The set cover algorithms for motif selection

Motivation

De novo motif discovery algorithms find statistically over-represented sequence motifs that may function as transcription factor binding sites. Current methods often report large numbers of motifs, making it difficult to perform further analyses and validation. The motif selection problem seeks to identify a minimal set of regulatory motifs that characterize sequences of interest (e.g. ChIP-Seq binding regions).

What is motif selection?

The motif selection problem seeks to identify a minimal set of regulatory motifs that characterize sequences of interest (e.g. ChIP-seq binding regions). The output motifs represent putative binding sites for primary transcription factors (ChIP-ed factors) and co-factors.

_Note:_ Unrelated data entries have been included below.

lemma summable_hyp_log_coeffs:
  assumes "a > 0" "b > 0" "norm z < 1"
  shows "summable (\<lambda>n. hyp_log_coeffs a b n * z ^ n)"
proof -
  define M where "M = 1 / a + 1 / b + 2"
  have "(\<lambda>n. (of_nat n * hyp_coeffs a b 1 n) * complex_of_real (norm z) ^ n) sums
      (of_real (norm z) * pser (diffs (hyp_coeffs a b 1)) (of_real (norm z)))"
    by (rule pser_diffs_sums(2)) (use assms summable_hyp_coeffs in auto)
  from sums_summable[OF sums_Re[OF this]]
  have "summable (\<lambda>n. real n * hyp_coeff a b 1 n * norm z ^ n)"
    by (simp add: hyp_coeffs_def flip: of_real_power)
  then have "summable (\<lambda>n. M * (real n * hyp_coeff a b 1 n * norm z ^ n))"
    by (rule summable_mult)
  moreover have "norm (hyp_log_coeffs a b n * z ^ n) \<le> M * (real n * hyp_coeff a b 1 n * norm z ^ n)" for n
  proof -
    have h: "hyp_coeff a b 1 n > 0" using hyp_coeff_pos assms by auto
    have "norm (hyp_log_coeffs a b n * z ^ n) = hyp_coeff a b 1 n * \<bar>hyp_log_weight a b n\<bar> * norm z ^ n"
      using h by (simp add: hyp_log_coeffs_def norm_mult norm_power abs_mult)
    also have "\<dots> \<le> hyp_coeff a b 1 n * (real n * M) * norm z ^ n"
      using abs_hyp_log_weight_le[OF assms(1,2), of n] h unfolding M_def
      by (intro mult_right_mono mult_left_mono) auto
    finally show ?thesis by (simp add: mult_ac)
  qed
  ultimately show ?thesis
    by (rule summable_comparison_test'[where N = 0])
qed

lemma hyp_log_coeffs_rec:
  assumes "a > 0" "b > 0"
  shows "(of_nat n + 1) * (of_real 1 + of_nat n) * hyp_log_coeffs a b (Suc n)
           - (of_real a + of_nat n) * (of_real b + of_nat n) * hyp_log_coeffs a b n
       = - 2 * ((of_nat n + 1) * hyp_coeffs a b 1 (Suc n)) + 2 * (of_nat n * hyp_coeffs a b 1 n)
           + (of_real a + of_real b) * hyp_coeffs a b 1 n"
proof -
  define H A B Q where "H = hyp_coeff a b 1 n" "A = a + real n" "B = b + real n" "Q = real n + 1"
  have p: "A \<noteq> 0" "B \<noteq> 0" "Q \<noteq> 0" using assms unfolding H_A_B_Q_def by auto
  have r: "Q * Q * hyp_coeff a b 1 (Suc n) = A * B * H"
    using hyp_coeff_rec[of 1 n a b] unfolding H_A_B_Q_def by (simp add: mult_ac add_ac)
  have w: "hyp_log_weight a b (Suc n) = hyp_log_weight a b n + (1 / A + 1 / B - 2 / Q)"
    unfolding hyp_log_weight_Suc H_A_B_Q_def by (simp add: add_ac)
  have "Q * Q * (hyp_coeff a b 1 (Suc n) * hyp_log_weight a b (Suc n)) - A * B * (H * hyp_log_weight a b n)
      = (Q * Q * hyp_coeff a b 1 (Suc n)) * hyp_log_weight a b (Suc n) - A * B * (H * hyp_log_weight a b n)"
    by (simp only: mult_ac)
  also have "\<dots> = A * B * H * (1 / A + 1 / B - 2 / Q)"
    unfolding r w by (simp add: algebra_simps)
  also have "\<dots> = (A + B) * H - 2 * (Q * hyp_coeff a b 1 (Suc n))"
    using p r by (simp add: field_simps)
  finally have "Q * Q * (hyp_coeff a b 1 (Suc n) * hyp_log_weight a b (Suc n)) - A * B * (H * hyp_log_weight a b n)
      = (A + B) * H - 2 * (Q * hyp_coeff a b 1 (Suc n))" .
  from arg_cong[OF this, of complex_of_real] show ?thesis
    unfolding H_A_B_Q_def by (simp add: hyp_log_coeffs_def hyp_coeffs_def algebra_simps)
qed

lemma hyp_operator_hyp_log_part:
  assumes ab: "a > 0" "b > 0" and z: "norm z < 1"
  shows "hyp_operator a b 1 z (hyp_log_part a b z) (pser (diffs (hyp_log_coeffs a b)) z)
           (pser (diffs (diffs (hyp_log_coeffs a b))) z)
       = - 2 * pser (diffs (hyp_coeffs a b 1)) z + 2 * (z * pser (diffs (hyp_coeffs a b 1)) z)
           + (of_real a + of_real b) * hyp2F1 a b 1 z"
proof -
  have smh: "\<And>z. norm z < 1 \<Longrightarrow> summable (\<lambda>n. hyp_coeffs a b 1 n * z ^ n)"
    using summable_hyp_coeffs ab by simp
  have L: "(\<lambda>n. ((of_nat n + 1) * (of_real 1 + of_nat n) * hyp_log_coeffs a b (Suc n)
          - (of_real a + of_nat n) * (of_real b + of_nat n) * hyp_log_coeffs a b n) * z ^ n) sums
       hyp_operator a b 1 z (hyp_log_part a b z) (pser (diffs (hyp_log_coeffs a b)) z)
           (pser (diffs (diffs (hyp_log_coeffs a b))) z)"
    using hyp_operator_pser_sums[OF summable_hyp_log_coeffs[OF ab] z, of 1 a b]
    by (simp add: hyp_log_part_def)
  have R: "(\<lambda>n. (- 2) * (((of_nat n + 1) * hyp_coeffs a b 1 (Suc n)) * z ^ n) + 2 * ((of_nat n * hyp_coeffs a b 1 n) * z ^ n)
       + (of_real a + of_real b) * (hyp_coeffs a b 1 n * z ^ n)) sums
       (- 2 * pser (diffs (hyp_coeffs a b 1)) z + 2 * (z * pser (diffs (hyp_coeffs a b 1)) z)
         + (of_real a + of_real b) * hyp2F1 a b 1 z)"
    unfolding hyp2F1_def by (intro sums_add sums_mult pser_diffs_sums[OF smh z] pser_sums smh z)
  have "((of_nat n + 1) * (of_real 1 + of_nat n) * hyp_log_coeffs a b (Suc n)
          - (of_real a + of_nat n) * (of_real b + of_nat n) * hyp_log_coeffs a b n) * z ^ n =
        (- 2) * (((of_nat n + 1) * hyp_coeffs a b 1 (Suc n)) * z ^ n) + 2 * ((of_nat n * hyp_coeffs a b 1 n) * z ^ n)
          + (of_real a + of_real b) * (hyp_coeffs a b 1 n * z ^ n)" for n
    unfolding hyp_log_coeffs_rec[OF ab] by (simp add: algebra_simps)
  then show ?thesis using sums_unique2[OF _ R] L by presburger
qed

lemma hyp_operator_log_ansatz:
  assumes "z * iz = 1"
  shows "hyp_operator a b 1 z (y * L + h) (y' * L + y * iz + h') (y'' * L + 2 * (y' * iz) - y * (iz * iz) + h'')
       = L * hyp_operator a b 1 z y y' y'' + hyp_operator a b 1 z h h' h'' + (2 * (1 - z) * y' - (a + b) * y)"
  using assms unfolding hyp_operator_def by algebra

lemma hyp_ode_solution_log:
  assumes ab: "a > 0" "b > 0" and S: "\<And>z. z \<in> S \<Longrightarrow> norm z < 1 \<and> z \<notin> \<real>\<^sub>\<le>\<^sub>0"
  shows "hyp_ode_solution a b 1 (\<lambda>z. hyp2F1 a b 1 z * Ln z + hyp_log_part a b z)
     (\<lambda>z. pser (diffs (hyp_coeffs a b 1)) z * Ln z + hyp2F1 a b 1 z * inverse z
          + pser (diffs (hyp_log_coeffs a b)) z)
     (\<lambda>z. pser (diffs (diffs (hyp_coeffs a b 1))) z * Ln z + 2 * (pser (diffs (hyp_coeffs a b 1)) z * inverse z)
          - hyp2F1 a b 1 z * (inverse z * inverse z) + pser (diffs (diffs (hyp_log_coeffs a b))) z) S"
  unfolding hyp_ode_solution_def
proof safe
  fix z assume zS: "z \<in> S"
  have z1: "norm z < 1" and zr: "z \<notin> \<real>\<^sub>\<le>\<^sub>0" using S zS by auto
  then have z0: "z \<noteq> 0" by auto
  have d1: "(hyp2F1 a b 1 has_field_derivative pser (diffs (hyp_coeffs a b 1)) z) (at z)"
   and d2: "(pser (diffs (hyp_coeffs a b 1)) has_field_derivative pser (diffs (diffs (hyp_coeffs a b 1))) z) (at z)"
   and e: "hyp_operator a b 1 z (hyp2F1 a b 1 z) (pser (diffs (hyp_coeffs a b 1)) z)
             (pser (diffs (diffs (hyp_coeffs a b 1))) z) = 0"
    using hyp2F1_ode_solution[of a b 1] ab z1 unfolding hyp_ode_solution_def by auto
  have sm: "\<And>z. norm z < 1 \<Longrightarrow> summable (\<lambda>n. hyp_log_coeffs a b n * z ^ n)"
    using summable_hyp_log_coeffs ab by blast
  have l1: "(hyp_log_part a b has_field_derivative pser (diffs (hyp_log_coeffs a b)) z) (at z)"
    unfolding hyp_log_part_def by (rule has_field_derivative_pser[OF sm z1])
  have l2: "(pser (diffs (hyp_log_coeffs a b)) has_field_derivative pser (diffs (diffs (hyp_log_coeffs a b))) z) (at z)"
    by (rule has_field_derivative_pser[OF summable_diffs[OF sm] z1])
  have dL: "(Ln has_field_derivative inverse z) (at z)" by (rule has_field_derivative_Ln[OF zr])
  have dI: "(inverse has_field_derivative - (inverse z * 1 * inverse z)) (at z)"
    by (rule DERIV_inverse'[OF DERIV_ident z0])
  show "((\<lambda>z. hyp2F1 a b 1 z * Ln z + hyp_log_part a b z) has_field_derivative
          pser (diffs (hyp_coeffs a b 1)) z * Ln z + hyp2F1 a b 1 z * inverse z
          + pser (diffs (hyp_log_coeffs a b)) z) (at z)"
    by (rule DERIV_cong[OF DERIV_add[OF DERIV_mult[OF d1 dL] l1]]) simp
  show "((\<lambda>z. pser (diffs (hyp_coeffs a b 1)) z * Ln z + hyp2F1 a b 1 z * inverse z
          + pser (diffs (hyp_log_coeffs a b)) z) has_field_derivative
          pser (diffs (diffs (hyp_coeffs a b 1))) z * Ln z + 2 * (pser (diffs (hyp_coeffs a b 1)) z * inverse z)
          - hyp2F1 a b 1 z * (inverse z * inverse z) + pser (diffs (diffs (hyp_log_coeffs a b))) z) (at z)"
    by (rule DERIV_cong[OF DERIV_add[OF DERIV_add[OF DERIV_mult[OF d2 dL] DERIV_mult[OF d1 dI]] l2]])
       (simp add: algebra_simps)
  show "hyp_operator a b 1 z (hyp2F1 a b 1 z * Ln z + hyp_log_part a b z)
     (pser (diffs (hyp_coeffs a b 1)) z * Ln z + hyp2F1 a b 1 z * inverse z + pser (diffs (hyp_log_coeffs a b)) z)
     (pser (diffs (diffs (hyp_coeffs a b 1))) z * Ln z + 2 * (pser (diffs (hyp_coeffs a b 1)) z * inverse z)
          - hyp2F1 a b 1 z * (inverse z * inverse z) + pser (diffs (diffs (hyp_log_coeffs a b))) z) = 0"
    unfolding hyp_operator_log_ansatz[OF right_inverse[OF z0]] e hyp_operator_hyp_log_part[OF ab z1]
    by (simp add: algebra_simps)
qed

section \<open>Connection formulas between the solutions at 0 and at 1\<close>

lemma ball_half_facts:
  fixes r :: complex
  assumes "r \<in> ball (1/2) (1/2)"
  shows "norm r < 1" "norm (1 - r) < 1" "r \<notin> \<real>\<^sub>\<le>\<^sub>0" "1 - r \<notin> \<real>\<^sub>\<le>\<^sub>0" "r * (1 - r) \<noteq> 0"
proof -
  have d: "norm (r - 1/2) < 1/2" using assms by (simp add: dist_norm norm_minus_commute)
  have "\<bar>Re (r - 1/2)\<bar> \<le> norm (r - 1/2)" by (rule abs_Re_le_cmod)
  then have re: "\<bar>Re r - 1/2\<bar> < 1/2" using d by simp
  have "norm r \<le> norm (r - 1/2) + norm (1/2 :: complex)" using norm_triangle_ineq[of "r - 1/2" "1/2"] by simp
  then show "norm r < 1" using d by simp
  have "norm (1 - r) \<le> norm (1/2 - r) + norm (1/2 :: complex)" using norm_triangle_ineq[of "1/2 - r" "1/2"] by simp
  then show "norm (1 - r) < 1" using d by (simp add: norm_minus_commute)
  show "r \<notin> \<real>\<^sub>\<le>\<^sub>0" "1 - r \<notin> \<real>\<^sub>\<le>\<^sub>0" "r * (1 - r) \<noteq> 0"
    using re by (auto simp: complex_nonpos_Reals_iff)
qed

lemma cball_quarter_subset_ball_1: "cball (1/4 :: complex) (1/4) \<subseteq> ball 0 1"
proof
  fix r :: complex assume "r \<in> cball (1/4) (1/4)"
  then have "norm (r - 1/4) \<le> 1/4" by (simp add: dist_norm norm_minus_commute)
  moreover have "norm r \<le> norm (r - 1/4) + norm (1/4 :: complex)" using norm_triangle_ineq[of "r - 1/4" "1/4"] by simp
  ultimately show "r \<in> ball 0 1" by simp
qed

lemma cball_quarter_one_minus_not_nonpos_Reals:
  fixes r :: complex
  assumes "r \<in> cball (1/4) (1/4)"
  shows "1 - r \<notin> \<real>\<^sub>\<le>\<^sub>0"
proof -
  have d: "norm (r - 1/4) \<le> 1/4" using assms by (simp add: dist_norm norm_minus_commute)
  have "\<bar>Re (r - 1/4)\<bar> \<le> norm (r - 1/4)" by (rule abs_Re_le_cmod)
  then have "Re r \<le> 1/2" using d by simp
  then show ?thesis by (auto simp: complex_nonpos_Reals_iff)
qed

lemma ball_quarter_subset_ball_half: "ball (1/4 :: complex) (1/4) \<subseteq> ball (1/2) (1/2)"
proof
  fix r :: complex assume "r \<in> ball (1/4) (1/4)"
  then have "norm (r - 1/4) < 1/4" by (simp add: dist_norm norm_minus_commute)
  moreover have "norm (r - 1/2) \<le> norm (r - 1/4) + norm (1/4 :: complex)"
    using norm_triangle_ineq[of "r - 1/4" "-1/4"] by simp
  ultimately show "r \<in> ball (1/2) (1/2)" by (simp add: dist_norm norm_minus_commute)
qed

lemma continuous_on_cball_quarter_one_minus_powr:
  "continuous_on (cball (1/4 :: complex) (1/4)) (\<lambda>r. (1 - r) powr e)"
proof (intro continuous_at_imp_continuous_on ballI)
  fix r :: complex assume "r \<in> cball (1/4) (1/4)"
  then have "1 - r \<notin> \<real>\<^sub>\<le>\<^sub>0" by (rule cball_quarter_one_minus_not_nonpos_Reals)
  then have "((\<lambda>r. (1 - r) powr e) has_field_derivative e * (1 - r) powr (e - 1) * (- 1)) (at r)"
    by (rule DERIV_chain2[where f="\<lambda>w. w powr e" and g="\<lambda>z. 1 - z", OF has_field_derivative_powr])
       (auto intro!: derivative_eq_intros)
  then show "isCont (\<lambda>r. (1 - r) powr e) r" by (rule DERIV_isCont)
qed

Our solution to motif selection

The greedy set cover solution

This is our first generation solution. For more details, see: https://github.com/RamiOran/SeqCov

Contrast to the first generation solution, our current methods introduce a background set, which ideally, we wish to (1) cover as much of the foreground as possible, (2) cover as little of the background as possible, and (3) select the smallest set of motifs. See below:

The tabu search method

Tabu search is a metaheuristic local search method. It starts with a randomly generated initial solution then searches its neighborhood. Traditional local search methods, such as hill climbing, update current solution if they find a better solution in the neighborhood and thus result in local optima. In contrast, tabu search alleviates this issue by employing two strategies: (1) tabu search accepts non-improving moves when better moves are unavailable in the neighborhood of current solution and (2) tabu search uses a short-term memory structure, called tabu list, to store recently visited solutions and prevent selecting solutions that are visited previously.

The relaxed integer linear programming method

This algorithm contains two steps. The first step is to model the motif selection problem as a linear programming problem and obtain an optimal solution via GLPK. The second step is to solve the integer-version problem through a randomized algorithm.